A Public Suffix is the suffix portion of a FQDN under which independent entities may register subdomains. For example, ltd.co.im is a Public Suffix. A Public Suffix contains one or more labels. Sometimes the term “effective TLD” is used as a synonym.
The registrable domain is the public suffix plus one additional label. Sometimes eTLD+1 is used as a synonym.
It should be noted that many displays of URLs in the web platform occur on surfaces not deemed securable.
Any URL displayed below the browser’s “line of death” is usually inherently spoofable (insofar as web content can usually fake the entire UI). In particular, this means that UI helpers like the Status Bubble are inherently untrustworthy.
This document focuses on best practices for “static” display of URLs: that is, the display of a single URL.
URL spoofing vulnerabilities also include “dynamic” spoofing attacks that rely upon the browser failing to update a URL display (or failing to do so in a timely manner) based on an asynchronous operation.
If your UI allows for asynchronous operations (e.g., user can interact with one context while another loads), care must be taken to avoid mismatch between the “current” and the “loading” context.
The most common dynamic attacks rely upon the fact that navigation and script execution are typically asynchronous operations.
An attacker starts on a page with a trusted URL and then navigates that context to malicious content. The user sees the outdated trusted URL and interacts with the malicious content, believing that it is under the control of the trusted site.
Alternatively, the attack starts on a malicious page which begins a navigation to a trusted URL. The user sees the pending trusted URL and interacts with the malicious content believing it is under the control of the trusted site.

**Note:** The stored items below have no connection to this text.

(* An ultrafilter w contains a set Q of points sharing its coincidence pattern, so membership
   of w in A(G(T),H) is decided by the points of Q. *)
lemma Aset_graphing:
  assumes "countable (UNIV :: 'a set)" "sym_gen_set (S :: ('a \<Rightarrow> 'a) set)"
  shows "Aset betaX (graphing S) r V E h = UA (Aset UNIV (schreier_graph S) r V E h)"
proof (intro set_eqI)
  fix w
  have bijS: "\<And>s. s \<in> S \<Longrightarrow> bij s" and "finite S"
    using assms(2) unfolding sym_gen_set_def by auto
  let ?W = "words S (Suc r)"
  let ?A = "Aset UNIV (schreier_graph S) r V E h"
  let ?coincide = "\<lambda>(u, v). {x. act_word (\<lambda>s. s) u x = act_word (\<lambda>s. s) v x}"
  show "w \<in> Aset betaX (graphing S) r V E h \<longleftrightarrow> w \<in> UA ?A"
  proof (cases "w \<in> betaX")
    case False
    then show ?thesis by (simp add: Aset_def UA_def)
  next
    case w: True
    obtain Q where "Q \<in> w"
      and Q: "\<And>x i. x \<in> Q \<Longrightarrow> i \<in> ?W \<times> ?W \<Longrightarrow> x \<in> ?coincide i \<longleftrightarrow> ?coincide i \<in> w"
      using uf_atom[OF w, of "?W \<times> ?W" ?coincide] finite_words[OF \<open>finite S\<close>] by blast
    have "x \<in> ?A \<longleftrightarrow> nbhd_iso (graphing S) r w V E h" if "x \<in> Q" for x
    proof -
      have "act_word (\<lambda>s. s) u x = act_word (\<lambda>s. s) v x \<longleftrightarrow>
            {y. act_word (\<lambda>s. s) u y = act_word (\<lambda>s. s) v y} \<in> w"
        if "u \<in> ?W" "v \<in> ?W" for u v
        using Q[OF \<open>x \<in> Q\<close>, of "(u, v)"] that by simp
      from nbhd_iso_point_ultrafilter[where S = S, OF assms(1) bijS w this]
      show ?thesis by (simp add: Aset_def)
    qed
    then have "?A \<in> w \<longleftrightarrow> nbhd_iso (graphing S) r w V E h" by (rule uf_decides[OF w \<open>Q \<in> w\<close>])
    then show ?thesis using w by (simp add: Aset_def UA_def)
  qed
qed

Dynamic attacks are particularly prevalent and challenging to mitigate in UI surfaces used both for URL input and display, such as the omnibox.
An additional complexity arises from the fact that some forms of navigation (those which result in a HTTP/204 response or a file download) are not expected to update the URL shown in the omnibox. As a consequence, the precise timing of updates to the URL shown in the omnibox is a critical factor in the security of the system and a common source of vulnerability. Chrome has been discussing possible UI treatments to more clearly differentiate pending and committed URLs in crbug.com/719856.

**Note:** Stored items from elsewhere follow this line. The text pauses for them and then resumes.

(* Let $\kappa$ be a regular uncountable cardinal and let $\rho_2$ be obtained by walking along a $C$-sequence $\vec C$ over $\kappa$. Then for every infinite cardinal $\theta<\chi(\vec C)$, the tree $(T(\rho_2),\subseteq)$ admits no $\theta$-ascending path.
   Context: A $C$-sequence over $\kappa$ is $\vec C=\langle C_\delta\mid\delta<\kappa\rangle$, each $C_\delta$ closed in $\delta$ with $\sup(C_\delta)=\sup(\delta)$. $\chi(\vec C)$ is the least cardinal $\chi\le\kappa$ for which there is a cofinal $\Gamma\subseteq\kappa$ such that for every $\epsilon<\kappa$ there is $\Delta\in[\kappa]^\chi$ with $\Gamma\cap\epsilon\subseteq\bigcup_{\delta\in\Delta}C_\delta$. Walks: $\mathrm{Tr}(\beta,\gamma)(0)=\gamma$, $\mathrm{Tr}(\beta,\gamma)(n)=\min(C_{\mathrm{Tr}(\beta,\gamma)(n-1)}\setminus\beta)$ if $\mathrm{Tr}(\beta,\gamma)(n-1)>\beta$, else $\beta$; $\rho_2(\beta,\gamma)$ is the least $l$ with $\mathrm{Tr}(\beta,\gamma)(l)=\beta$. $T(\rho_2)=\{\rho_{2\delta}\restriction\gamma\mid\gamma\le\delta<\kappa\}$ under $\subseteq$, with $\rho_{2\delta}(\xi)=\rho_2(\xi,\delta)$; its $\gamma$-th level $T_\gamma$ consists of the elements with domain $\gamma$. For an infinite cardinal $\theta$, a $\theta$-ascending path through a tree $(T,<_T)$ of height $\kappa$ is a sequence $\langle f_\gamma\mid\gamma<\kappa\rangle$ with $f_\gamma:\theta\to T_\gamma$ and such that for all $\gamma<\delta<\kappa$ there are $i,j<\theta$ with $f_\gamma(i)<_Tf_\delta(j)$. *)

theory Defs
  imports Main "HOL-Library.Countable_Set"
begin

unbundle cardinal_syntax

text \<open>The cardinal kappa is represented by a type 'a of class wellorder whose
order type is kappa (i.e. the ordinals below kappa are the elements of 'a).\<close>

definition ord_rel :: "('a::wellorder) rel" where
  "ord_rel = {(x, y). x \<le> y}"

definition regular_uncountable :: "'a::wellorder itself \<Rightarrow> bool" where
  "regular_uncountable _ \<longleftrightarrow>
     Card_order (ord_rel :: 'a rel) \<and> regularCard (ord_rel :: 'a rel) \<and>
     \<not> countable (UNIV :: 'a set)"

definition ord_sup :: "('a::wellorder) set \<Rightarrow> 'a" where
  "ord_sup X = (LEAST u. \<forall>x\<in>X. x \<le> u)"

definition closed_in_ord :: "('a::wellorder) set \<Rightarrow> 'a \<Rightarrow> bool" where
  "closed_in_ord C \<delta> \<longleftrightarrow>
     (\<forall>\<gamma><\<delta>. C \<inter> {..<\<gamma>} \<noteq> {} \<and> ord_sup (C \<inter> {..<\<gamma>}) = \<gamma> \<longrightarrow> \<gamma> \<in> C)"

definition C_sequence :: "('a::wellorder \<Rightarrow> 'a set) \<Rightarrow> bool" where
  "C_sequence C \<longleftrightarrow>
     (\<forall>\<delta>. C \<delta> \<subseteq> {..<\<delta>} \<and> closed_in_ord (C \<delta>) \<delta> \<and> ord_sup (C \<delta>) = ord_sup {..<\<delta>})"

fun Tr :: "('a::wellorder \<Rightarrow> 'a set) \<Rightarrow> 'a \<Rightarrow> 'a \<Rightarrow> nat \<Rightarrow> 'a" where
  "Tr C \<beta> \<gamma> 0 = \<gamma>"
| "Tr C \<beta> \<gamma> (Suc n) =
     (if \<beta> < Tr C \<beta> \<gamma> n then (LEAST x. x \<in> C (Tr C \<beta> \<gamma> n) \<and> \<beta> \<le> x) else \<beta>)"

definition rho2 :: "('a::wellorder \<Rightarrow> 'a set) \<Rightarrow> 'a \<Rightarrow> 'a \<Rightarrow> nat" where
  "rho2 C \<beta> \<gamma> = (LEAST l. Tr C \<beta> \<gamma> l = \<beta>)"

definition rho2_restr :: "('a::wellorder \<Rightarrow> 'a set) \<Rightarrow> 'a \<Rightarrow> 'a \<Rightarrow> ('a \<Rightarrow> nat option)" where
  "rho2_restr C \<delta> \<gamma> = (\<lambda>\<xi>. if \<xi> < \<gamma> then Some (rho2 C \<xi> \<delta>) else None)"

definition T_level :: "('a::wellorder \<Rightarrow> 'a set) \<Rightarrow> 'a \<Rightarrow> ('a \<Rightarrow> nat option) set" where
  "T_level C \<gamma> = {rho2_restr C \<delta> \<gamma> | \<delta>. \<gamma> \<le> \<delta>}"

text \<open>A theta-ascending path through (T(rho_2), subset), theta given as the
cardinality of the index set Theta; the tree order is inclusion of graphs.\<close>
definition ascending_path ::
  "('a::wellorder \<Rightarrow> 'a set) \<Rightarrow> 'b set \<Rightarrow> ('a \<Rightarrow> 'b \<Rightarrow> ('a \<Rightarrow> nat option)) \<Rightarrow> bool" where
  "ascending_path C \<Theta> f \<longleftrightarrow>
     (\<forall>\<gamma>. \<forall>i\<in>\<Theta>. f \<gamma> i \<in> T_level C \<gamma>) \<and>
     (\<forall>\<gamma> \<delta>. \<gamma> < \<delta> \<longrightarrow> (\<exists>i\<in>\<Theta>. \<exists>j\<in>\<Theta>. f \<gamma> i \<subseteq>\<^sub>m f \<delta> j))"

text \<open>The cardinal |B| has the property whose least instance defines chi(C).\<close>
definition chi_property :: "('a::wellorder \<Rightarrow> 'a set) \<Rightarrow> 'c set \<Rightarrow> bool" where
  "chi_property C B \<longleftrightarrow>
     (\<exists>\<Gamma>::'a set. (\<forall>a. \<exists>g\<in>\<Gamma>. a \<le> g) \<and>
        (\<forall>\<epsilon>. \<exists>\<Delta>::'a set. |\<Delta>| =o |B| \<and> \<Gamma> \<inter> {..<\<epsilon>} \<subseteq> (\<Union>\<delta>\<in>\<Delta>. C \<delta>)))"

text \<open>theta < chi(C): no cardinal mu \<le> theta has the chi-property (chi(C) is the least
cardinal \<le> kappa with the property).\<close>
definition less_chi :: "'b set \<Rightarrow> ('a::wellorder \<Rightarrow> 'a set) \<Rightarrow> bool" where
  "less_chi \<Theta> C \<longleftrightarrow>
     (\<forall>B::'a set. |B| \<le>o |\<Theta>| \<longrightarrow> \<not> chi_property C B)"

end

theory Submission
  imports Defs
begin

(* Suppose f were a \<theta>-ascending path and write each node f \<gamma> i as \<rho>\<^sub>2\<^sub>\<delta> restricted to \<gamma>.
   If cf \<gamma> > \<theta>, then on a final segment [b, \<gamma>) the function \<rho>\<^sub>2(-, \<delta>) attains its least
   value c exactly on C q, for some q \<ge> \<gamma> with C q cofinal in \<gamma> (every walk from \<delta> to a
   point just below \<gamma> passes through q), and b can be chosen uniformly in i.  A pressing-down
   argument yields m < n and unboundedly many such levels \<gamma> with left end m at which every C q
   meets [m, n).  Two nodes on different levels agree below the lower level and both attain
   their least values in [m, n), so these values coincide and the two sets C q agree above m.
   Hence the points of [m, \<gamma>) lying in all C q of such a level \<gamma> form an unbounded set, which
   below any \<epsilon> is covered by the \<theta> sets C q of one such level above \<epsilon>; so \<chi>(C) \<le> \<theta>.
   When \<kappa> \<le> \<theta>\<^sup>+ this is immediate. *)

section \<open>Small sets below a regular uncountable cardinal\<close>

lemma Field_ord_rel [simp]: "Field (ord_rel :: 'a::wellorder rel) = UNIV"
  unfolding ord_rel_def Field_def by auto

lemma underS_ord_rel: "underS (ord_rel :: 'a::wellorder rel) a = {..<a}"
  unfolding ord_rel_def underS_def by auto

lemma under_ord_rel: "under (ord_rel :: 'a::wellorder rel) a = {..a}"
  unfolding ord_rel_def under_def by auto

lemma regular_uncountableD:
  assumes "regular_uncountable TYPE('a::wellorder)"
  shows "Card_order (ord_rel :: 'a rel)" "regularCard (ord_rel :: 'a rel)"
    and "\<not> countable (UNIV :: 'a set)" "|UNIV :: 'a set| =o (ord_rel :: 'a rel)"
proof -
  show card: "Card_order (ord_rel :: 'a rel)"
    and "regularCard (ord_rel :: 'a rel)" "\<not> countable (UNIV :: 'a set)"
    using assms unfolding regular_uncountable_def by blast+
  show "|UNIV :: 'a set| =o (ord_rel :: 'a rel)"
    using card_of_Field_ordIso[OF card] by simp
qed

However, because dynamic attacks have little in common with static attacks and are generally very tightly tied to the behavior of the URL display surface, they are out of scope for this document.
The web security model expects the user to recognize which hosts are backed by legitimate organizations (google.com
) and which are not (google-update.com
).
For the purposes of this document, we do not concern ourselves with the ability of a website to obtain a misleading domain name that is visually distinctive from a legitimate domain name.

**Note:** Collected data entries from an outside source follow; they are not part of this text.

lemma comp_transpose_comp_eq:
  assumes "x \<in> D" "y \<in> D" "d \<in> D"
  shows "(s \<circ> Transposition.transpose x y \<circ> a) d = (s \<circ> a \<circ> Transposition.transpose (a x) (a y)) d"
proof -
  have a: "a (a x) = x" "a (a y) = y" "a (a d) = d"
    using involution assms by auto
  consider "d = a x" | "d = a y" | "a d \<noteq> x" "a d \<noteq> y" "d \<noteq> a x" "d \<noteq> a y"
    using a by metis
  then have "Transposition.transpose x y (a d) = a (Transposition.transpose (a x) (a y) d)"
    by cases (simp_all add: a)
  then show ?thesis by simp
qed

lemma
  assumes "bij_betw s D D" "x \<in> D" "y \<in> D"
  shows cycle_of_comp_transpose_comp: "z \<in> D \<Longrightarrow> cycle_of (s \<circ> Transposition.transpose x y \<circ> a) z =
      cycle_of (s \<circ> a \<circ> Transposition.transpose (a x) (a y)) z"
    and cycles_on_comp_transpose_comp: "cycles_on (s \<circ> Transposition.transpose x y \<circ> a) D =
      cycles_on (s \<circ> a \<circ> Transposition.transpose (a x) (a y)) D"
proof -
  interpret S: perm_on s D using finite_D assms(1) by unfold_locales
  interpret S': perm_on "s \<circ> Transposition.transpose x y \<circ> a" D
    using perm_on_comp S.perm_on_comp_transpose[OF assms(2,3)] perm_on.bij_D by blast
  show "z \<in> D \<Longrightarrow> cycle_of (s \<circ> Transposition.transpose x y \<circ> a) z =
      cycle_of (s \<circ> a \<circ> Transposition.transpose (a x) (a y)) z"
    by (rule cycle_of_cong_on[OF comp_transpose_comp_eq[OF assms(2,3)] S'.image_subset])
  show "cycles_on (s \<circ> Transposition.transpose x y \<circ> a) D =
      cycles_on (s \<circ> a \<circ> Transposition.transpose (a x) (a y)) D"
    by (rule cycles_on_cong_on[OF comp_transpose_comp_eq[OF assms(2,3)] S'.image_subset])
qed

lemma cycle_of_comp_if_fixed:
  assumes fixed: "\<And>d. d \<in> D \<Longrightarrow> s d = d" and d: "d \<in> D"
  shows "cycle_of (s \<circ> a) d = {d, a d}"
proof -
  define g where "g = s \<circ> a"
  have "(g ^^ k) d \<in> {d, a d}" for k
  proof (induction k)
    case (Suc k)
    then obtain e where "e \<in> {d, a d}" "(g ^^ k) d = e" by blast
    moreover have "a e \<in> {d, a d}" "a e \<in> D" using calculation(1) involution[OF d] d by auto
    moreover have "g e = a e" using fixed calculation(4) unfolding g_def by simp
    ultimately show ?case by simp
  qed simp
  moreover have "a d = (g ^^ 1) d" using d involution fixed unfolding g_def by simp
  ultimately show ?thesis unfolding cycle_of_def g_def[symmetric]
    by (auto intro: exI[of _ 0] exI[of _ 1])
qed

lemma Image_rtrancl_dart_graph_if_fixed:
  assumes fixed: "\<And>d. d \<in> D \<Longrightarrow> s d = d" and d: "d \<in> D"
  shows "(dart_graph s a D)\<^sup>* `` {d} = {d, a d}"
proof -
  have "v \<in> {d, a d}" if "(d, v) \<in> (dart_graph s a D)\<^sup>*" for v
    using that
  proof (induction rule: rtrancl_induct)
    case (step u w)
    then have "u \<in> D" using involution[OF d] d by blast
    with step.hyps(2) have "w = a u \<or> w = u" unfolding dart_graph_def using fixed by auto
    then show ?case using step.IH involution[OF d] by auto
  qed simp
  moreover have "(d, a d) \<in> dart_graph s a D" using d unfolding dart_graph_def by blast
  ultimately show ?thesis by blast
qed

lemma euler_bound_fixed:
  assumes fixed: "\<And>d. d \<in> D \<Longrightarrow> s d = d"
  shows "2 * card (cycles_on s D) + 2 * card (cycles_on (s \<circ> a) D)
    \<le> card D + 4 * card (components_on (dart_graph s a D) D)"
proof -
  have "(s ^^ k) d = d" if "d \<in> D" for d k
    by (induction k) (simp_all add: fixed that)
  then have "cycles_on s D = (\<lambda>d. {d}) ` D" unfolding cycles_on_def cycle_of_def by auto
  then have V: "card (cycles_on s D) = card D" by (simp add: card_image)
  have C: "components_on (dart_graph s a D) D = cycles_on (s \<circ> a) D"
    unfolding components_on_def cycles_on_def
    using cycle_of_comp_if_fixed[OF fixed] Image_rtrancl_dart_graph_if_fixed[OF fixed]
    by (auto simp: image_def)
  have "\<Union> (cycles_on (s \<circ> a) D) = D"
    using cycle_of_comp_if_fixed[OF fixed] involution unfolding cycles_on_def by auto
  then have "card D \<le> (\<Sum>P\<in>cycles_on (s \<circ> a) D. card P)"
    by (metis card_Union_le_sum_card)
  also have "\<dots> \<le> (\<Sum>P\<in>cycles_on (s \<circ> a) D. 2)"
    by (rule sum_mono) (auto simp: cycles_on_def cycle_of_comp_if_fixed[OF fixed] card_insert_if)
  finally show ?thesis using V C by simp
qed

There exist features, like Safe Browsing and EV certificate display, which may act as a supplement to origin display, but these features are not available in all situations and are often “best effort.” Replacing or augmenting human analysis of origins remains an active topic of research and brainstorming.
In some cases, a domain owner is willing to supply content from a third-party within their own address space, leading to potential confusion about the ownership and source of the content displayed.
This is, generally, outside of the client threat-model, although in some cases (e.g., AMP), the client platform may attempt to introduce new UI to clarify the situation.
Chromium's open-source Trickuri tool is a Go-based proxy server designed to enable manual testing of URL display behavior.